I'm working with a large dataset (~1500 rows), and when I built the dataset, I didn't think ahead about separating my identifiers, so they're lumped into one long string.
The identifying string is in a column labeled "Polygon_Name". I'd like to keep this column, and split the string values in this column into 3 additional columns.

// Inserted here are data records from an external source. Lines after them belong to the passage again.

lemma masked_row_bound:
  assumes "in_MnLK C"
  shows "(\<Sum>z\<in>Z. \<Sum>i\<in>UNIV. (cmod (\<Sum>x\<in>coeff_supp C. \<Sum>j\<in>UNIV.
            if sel x z then C x i j * f (j, fmul (winv x) z) else 0))\<^sup>2)
       \<le> (bT C)\<^sup>2 * (\<Sum>z\<in>Z. \<Sum>x\<in>coeff_supp C. if sel x z then sqnorm_at f (fmul (winv x) z) else 0)"
proof -
  have "(\<Sum>i\<in>UNIV. (cmod (\<Sum>x\<in>coeff_supp C. \<Sum>j\<in>UNIV.
            if sel x z then C x i j * f (j, fmul (winv x) z) else 0))\<^sup>2)
       \<le> (bT C)\<^sup>2 * (\<Sum>x\<in>coeff_supp C. if sel x z then sqnorm_at f (fmul (winv x) z) else 0)" for z
  proof -
    define g where "g x j = (if sel x z then f (j, fmul (winv x) z) else 0)" for x j
    have "C x i j * g x j = (if sel x z then C x i j * f (j, fmul (winv x) z) else 0)" for x i j
      by (simp add: g_def)
    moreover have "(\<Sum>j\<in>UNIV. (cmod (g x j))\<^sup>2) = (if sel x z then sqnorm_at f (fmul (winv x) z) else 0)"
      for x by (simp add: g_def sqnorm_at_def)
    ultimately show ?thesis
      using row_bound[OF assms, of g] by simp
  qed
  then show ?thesis
    by (simp add: sum_distrib_left sum_mono)
qed
lemma SUP_mp_plus: "(SUP i\<in>I. f i) \<oplus> a = (SUP i\<in>I. f i \<oplus> a)"
  using mp_plus_SUP[of a f I] by (simp add: mp_plus_commute)

lemma INF_mp_plus_ereal: "(INF i\<in>I. f i) \<oplus> ereal c = (INF i\<in>I. f i \<oplus> ereal c)"
  by (rule lower_bounds_eqI) (simp add: le_mp_plus_ereal_iff le_INF_iff)

lemma le_mp_res_iff: "l \<le> mp_res a b \<longleftrightarrow> a \<oplus> l \<le> b"
proof
  assume "l \<le> mp_res a b"
  then have "a \<oplus> l \<le> a \<oplus> mp_res a b"
    by (auto intro: mp_plus_mono)
  also have "\<dots> = Sup ((\<oplus>) a ` {l. a \<oplus> l \<le> b})"
    unfolding mp_res_def by (rule mp_plus_Sup)
  also have "\<dots> \<le> b"
    by (auto intro: Sup_least)
  finally show "a \<oplus> l \<le> b" .
qed (auto simp: mp_res_def intro: Sup_upper)

lemma mp_res_mono: "b \<le> c \<Longrightarrow> mp_res a b \<le> mp_res a c"
  by (meson le_mp_res_iff order.refl order.trans)

lemma mp_res_INF: "mp_res a (INF i\<in>I. c i) = (INF i\<in>I. mp_res a (c i))"
  by (rule lower_bounds_eqI) (simp add: le_mp_res_iff le_INF_iff)

lemma mp_res_SUP: "mp_res (SUP i\<in>I. a i) c = (INF i\<in>I. mp_res (a i) c)"
  by (rule lower_bounds_eqI) (simp add: le_mp_res_iff le_INF_iff SUP_mp_plus SUP_le_iff)

lemma mp_res_mp_res: "mp_res a (mp_res b c) = mp_res (b \<oplus> a) c"
  by (rule lower_bounds_eqI) (simp add: le_mp_res_iff mp_plus_assoc)

lemma mp_res_mp_plus_ereal: "mp_res a (b \<oplus> ereal c) = mp_res a b \<oplus> ereal c"
  by (rule lower_bounds_eqI) (simp add: le_mp_res_iff le_mp_plus_ereal_iff mp_plus_assoc)

lemma mp_plus_ereal_le_iff: "ereal c \<oplus> y \<le> z \<longleftrightarrow> y \<le> z \<oplus> ereal (- c)"
  by (simp add: le_mp_plus_ereal_iff mp_plus_commute)

section \<open>The sup-norm distance\<close>

lemma le_Inf_add_Inf_ereal:
  fixes A B :: "ereal set"
  assumes A_nonneg: "\<And>a. a \<in> A \<Longrightarrow> 0 \<le> a" and B_nonneg: "\<And>b. b \<in> B \<Longrightarrow> 0 \<le> b"
    and le_sum: "\<And>a b. a \<in> A \<Longrightarrow> b \<in> B \<Longrightarrow> c \<le> a + b"
  shows "c \<le> Inf A + Inf B"
proof (cases "A = {} \<or> B = {}")
  case True
  moreover have "0 \<le> Inf A" "0 \<le> Inf B"
    using A_nonneg B_nonneg by (auto intro: Inf_greatest)
  ultimately show ?thesis
    by (auto simp: top_ereal_def)
next
  case False
  have "c \<le> (INF p\<in>A \<times> B. fst p + snd p)"
    using le_sum by (force intro: INF_greatest)
  also have "\<dots> = Inf (fst ` (A \<times> B)) + Inf (snd ` (A \<times> B))"
    using A_nonneg B_nonneg by (intro INF_ereal_add_directed) force+
  also have "\<dots> = Inf A + Inf B"
    using False by simp
  finally show ?thesis .
qed

definition uniformly_close :: "'x set \<Rightarrow> ('x \<Rightarrow> ereal) \<Rightarrow> ('x \<Rightarrow> ereal) \<Rightarrow> ereal \<Rightarrow> bool" where
  "uniformly_close X u v l \<longleftrightarrow> (\<forall>x\<in>X. v x \<oplus> - l \<le> u x \<and> u x \<le> v x \<oplus> l)"

lemma sup_dist_eq_Inf_uniformly_close:
  "sup_dist X u v = Inf {l. 0 \<le> l \<and> uniformly_close X u v l}"
  unfolding sup_dist_def uniformly_close_def ..

lemma sup_dist_le: "0 \<le> l \<Longrightarrow> uniformly_close X u v l \<Longrightarrow> sup_dist X u v \<le> l"
  unfolding sup_dist_eq_Inf_uniformly_close by (auto intro: Inf_lower)

lemma sup_dist_nonneg: "0 \<le> sup_dist X u v"
  unfolding sup_dist_def by (auto intro: Inf_greatest)

lemma sup_dist_self: "sup_dist X u u = 0"
  using sup_dist_le[of 0 X u u] sup_dist_nonneg[of X u u] by (simp add: uniformly_close_def)

lemma sup_dist_cong:
  "(\<And>x. x \<in> X \<Longrightarrow> u x = u' x) \<Longrightarrow> (\<And>x. x \<in> X \<Longrightarrow> v x = v' x) \<Longrightarrow>
   sup_dist X u v = sup_dist X u' v'"
  unfolding sup_dist_def by (intro arg_cong[where f = Inf]) auto

lemma uniformly_close_trans:
  assumes uv: "uniformly_close X u v a" and vw: "uniformly_close X v w b"
    and "0 \<le> a" "0 \<le> b"
  shows "uniformly_close X u w (a + b)"
  unfolding uniformly_close_def
proof (intro ballI conjI)
  fix x assume "x \<in> X"
  then have "(w x \<oplus> - b) \<oplus> - a \<le> u x" "u x \<le> (w x \<oplus> b) \<oplus> a"
    using uv vw unfolding uniformly_close_def by (meson mp_plus_mono order.refl order_trans)+
  moreover have "(w x \<oplus> - b) \<oplus> - a = w x \<oplus> - (a + b)" "(w x \<oplus> b) \<oplus> a = w x \<oplus> (a + b)"
    using \<open>0 \<le> a\<close> \<open>0 \<le> b\<close> by (cases a; cases b; cases "w x"; simp add: mp_plus_def)+
  ultimately show "w x \<oplus> - (a + b) \<le> u x" "u x \<le> w x \<oplus> (a + b)"
    by simp_all
qed

lemma sup_dist_triangle: "sup_dist X u w \<le> sup_dist X u v + sup_dist X v w"
  unfolding sup_dist_eq_Inf_uniformly_close[of X u v] sup_dist_eq_Inf_uniformly_close[of X v w]
  by (rule le_Inf_add_Inf_ereal) (auto intro: sup_dist_le uniformly_close_trans)

definition monotone_homogeneous_on :: "'x set \<Rightarrow> (('x \<Rightarrow> ereal) \<Rightarrow> 'x \<Rightarrow> ereal) \<Rightarrow> bool" where
  "monotone_homogeneous_on X F \<longleftrightarrow>
     (\<forall>g h. (\<forall>x\<in>X. g x \<le> h x) \<longrightarrow> (\<forall>x\<in>X. F g x \<le> F h x)) \<and>
     (\<forall>g c. \<forall>x\<in>X. F (\<lambda>y. g y \<oplus> ereal c) x = F g x \<oplus> ereal c)"

lemma monotone_homogeneous_onI:
  assumes "\<And>g h x. \<forall>x\<in>X. g x \<le> h x \<Longrightarrow> x \<in> X \<Longrightarrow> F g x \<le> F h x"
    and "\<And>g c x. x \<in> X \<Longrightarrow> F (\<lambda>y. g y \<oplus> ereal c) x = F g x \<oplus> ereal c"
  shows "monotone_homogeneous_on X F"
  using assms unfolding monotone_homogeneous_on_def by blast

lemma monotone_homogeneous_on_nonexpansive:
  assumes "monotone_homogeneous_on X F"
  shows "sup_dist X (F g) (F h) \<le> sup_dist X g h"
  unfolding sup_dist_eq_Inf_uniformly_close[of X g h]
proof (rule Inf_greatest, clarify)
  have mono: "\<And>g h x. \<forall>x\<in>X. g x \<le> h x \<Longrightarrow> x \<in> X \<Longrightarrow> F g x \<le> F h x"
    and homogeneous: "\<And>g c x. x \<in> X \<Longrightarrow> F (\<lambda>y. g y \<oplus> ereal c) x = F g x \<oplus> ereal c"
    using assms unfolding monotone_homogeneous_on_def by blast+
  fix l assume "0 \<le> l" and close: "uniformly_close X g h l"
  show "sup_dist X (F g) (F h) \<le> l"
  proof (cases l)
    case (real r)
    have "uniformly_close X (F g) (F h) l"
      unfolding uniformly_close_def
    proof (intro ballI conjI)
      fix x assume "x \<in> X"
      have "F h x \<oplus> - l = F (\<lambda>y. h y \<oplus> - l) x"
        using homogeneous[OF \<open>x \<in> X\<close>, of h "- r"] real by simp
      also have "\<dots> \<le> F g x"
        using close \<open>x \<in> X\<close> by (intro mono) (auto simp: uniformly_close_def)
      finally show "F h x \<oplus> - l \<le> F g x" .
      have "F g x \<le> F (\<lambda>y. h y \<oplus> l) x"
        using close \<open>x \<in> X\<close> by (intro mono) (auto simp: uniformly_close_def)
      also have "\<dots> = F h x \<oplus> l"
        using homogeneous[OF \<open>x \<in> X\<close>, of h r] real by simp
      finally show "F g x \<le> F h x \<oplus> l" .
    qed
    then show ?thesis
      using \<open>0 \<le> l\<close> by (rule sup_dist_le[rotated])
  qed (use \<open>0 \<le> l\<close> in auto)
qed
lemma prob_partial_sum_pos_lt_1:
  assumes "expectation (Y 0) < 0"
  shows "prob {\<omega>\<in>space M. \<exists>k. 0 < (\<Sum>j<k. Y j \<omega>)} < 1"
proof (rule ccontr)
  let ?E = "{\<omega>\<in>space M. \<exists>k. 0 < (\<Sum>j<k. Y j \<omega>)}"
  assume "\<not> prob ?E < 1"
  then have "AE \<omega> in M. \<omega> \<in> ?E"
    using prob_le_1[of ?E] by (intro AE_prob_1) auto
  then have "AE \<omega> in M. (\<lambda>n. if 0 < max_partial_sum (\<lambda>j. Y j \<omega>) n then Y 0 \<omega> else 0) \<longlonglongrightarrow> Y 0 \<omega>"
  proof eventually_elim
    case (elim \<omega>)
    then obtain k where k: "0 < (\<Sum>j<k. Y j \<omega>)" by auto
    have "eventually (\<lambda>n. 0 < max_partial_sum (\<lambda>j. Y j \<omega>) n) sequentially"
      using eventually_ge_at_top[of k] by eventually_elim (use k in \<open>auto simp: max_partial_sum_pos_iff\<close>)
    then show ?case
      by (rule tendsto_eventually[OF eventually_mono]) auto
  qed
  then have "(\<lambda>n. expectation (\<lambda>\<omega>. if 0 < max_partial_sum (\<lambda>j. Y j \<omega>) n then Y 0 \<omega> else 0))
      \<longlonglongrightarrow> expectation (Y 0)"
    by (intro integral_dominated_convergence[where w = "\<lambda>\<omega>. \<bar>Y 0 \<omega>\<bar>"]) (use integrable_Y in auto)
  then have "0 \<le> expectation (Y 0)"
    by (rule LIMSEQ_le_const) (auto intro: maximal_ergodic_inequality)
  then show False using assms by simp
qed

lemma AE_not_pos_upper_rate:
  assumes "expectation (Y 0) < 0"
  shows "AE \<omega> in M. \<not> pos_upper_rate (\<lambda>k. \<Sum>j<k. Y j \<omega>)"
proof -
  let ?A = "\<lambda>j. sigma_sets (space M) {Y j -` B \<inter> space M | B. B \<in> sets borel}"
  let ?T = "{\<omega>\<in>space M. pos_upper_rate (\<lambda>k. \<Sum>j<k. Y j \<omega>)}"
  have T_events: "?T \<in> events"
    unfolding pos_upper_rate_def by measurable
  have "prob ?T = 0 \<or> prob ?T = 1"
  proof (rule kolmogorov_0_1_law)
    show "sigma_algebra (space M) (?A j)" for j
      by (rule sigma_algebra_sigma_sets) auto
    show "indep_sets ?A UNIV"
      using indep_Y unfolding indep_vars_def by auto
  qed (rule pos_upper_rate_partial_sums_tail, simp)
  moreover have "prob ?T \<le> prob {\<omega>\<in>space M. \<exists>k. 0 < (\<Sum>j<k. Y j \<omega>)}"
  proof (rule finite_measure_mono)
    have "0 < (\<Sum>j<k. Y j \<omega>)" if "real k / real (Suc r) < (\<Sum>j<k. Y j \<omega>)" for k r \<omega>
      using that by (rule order.strict_trans1[rotated]) simp
    then show "?T \<subseteq> {\<omega>\<in>space M. \<exists>k. 0 < (\<Sum>j<k. Y j \<omega>)}"
      unfolding pos_upper_rate_def by blast
  qed measurable
  ultimately have "prob ?T = 0"
    using prob_partial_sum_pos_lt_1[OF assms] by linarith
  then have "AE \<omega> in M. \<omega> \<notin> ?T"
    using prob_eq_0[OF T_events] by simp
  from this AE_space show ?thesis by eventually_elim auto
qed

lemma AE_eventually_partial_sum_le:
  assumes "expectation (Y 0) < c"
  shows "AE \<omega> in M. eventually (\<lambda>k. (\<Sum>j<k. Y j \<omega>) \<le> real k * c) sequentially"
proof -
  define c' where "c' = (expectation (Y 0) + c) / 2"
  interpret Z: iid_seq M "\<lambda>j \<omega>. 1 * Y j \<omega> + - c'" by (rule iid_seq_affine)
  have "expectation (\<lambda>\<omega>. 1 * Y 0 \<omega> + - c') < 0"
    using assms integrable_Y0 by (simp add: prob_space c'_def)
  from Z.AE_not_pos_upper_rate[OF this] show ?thesis
  proof eventually_elim
    case (elim \<omega>)
    have "0 < c - c'" using assms by (simp add: c'_def)
    then obtain r where r: "inverse (real (Suc r)) < c - c'" using reals_Archimedean by blast
    from elim obtain K where K: "\<And>k. K \<le> k \<Longrightarrow> (\<Sum>j<k. Y j \<omega> - c') \<le> real k / real (Suc r)"
      unfolding pos_upper_rate_def by (auto simp: not_less)
    show ?case
    proof (rule eventually_sequentiallyI)
      fix k assume "K \<le> k"
      then have "(\<Sum>j<k. Y j \<omega>) \<le> real k * c' + real k * inverse (real (Suc r))"
        using K[of k] by (simp add: sum_subtractf divide_inverse algebra_simps)
      also have "\<dots> \<le> real k * c' + real k * (c - c')"
        using r by (intro add_left_mono mult_left_mono) auto
      finally show "(\<Sum>j<k. Y j \<omega>) \<le> real k * c" by (simp add: algebra_simps)
    qed
  qed
qed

So for example, if any "Polygon_Name" cell has a number embedded in it, such as Canker14B, I'd like to end up with the following columns: (1) the original Polygon_Name, (2) all text before the number, (3) the number, (4) all text after the number.
Small subset of my data:
df <- structure(list(Bolt_ID = structure(c(1L, 1L, 1L, 1L, 1L, 1L,
1L, 1L, 1L, 1L), .Label = "N1T.3.4.15.0.C", class = "factor"),
Polygon_Name = structure(c(10L, 1L, 9L, 6L, 3L, 7L, 2L, 8L,
4L, 5L), .Label = c("C", "Canker15B", "Canker15Left", "Canker15Right",
"Canker16", "Canker17", "CankS15B", "CankS16", "CankS17",
"S"), class = "factor"), Measure = c(19.342, 25.962, 0.408,
0.008, 0.074, 0.41, 0.011, 0.251, 0.056, 0.034)), .Names = c("Bolt_ID",
"Polygon_Name", "Measure"), row.names = c(1L, 2L, 4L, 5L, 6L,
7L, 8L, 9L, 10L, 11L), class = "data.frame")
Current output:
Ultimate output (I built this manually):
I've figured out how to extract the number with the following code:
library(stringr)
regexp <- "[[:digit:]]+"
df$Poly_Num <- str_extract(df$Polygon_Name, regexp)
But I'm still struggling to pull out the text before and after the number. Any thoughts would be appreciated.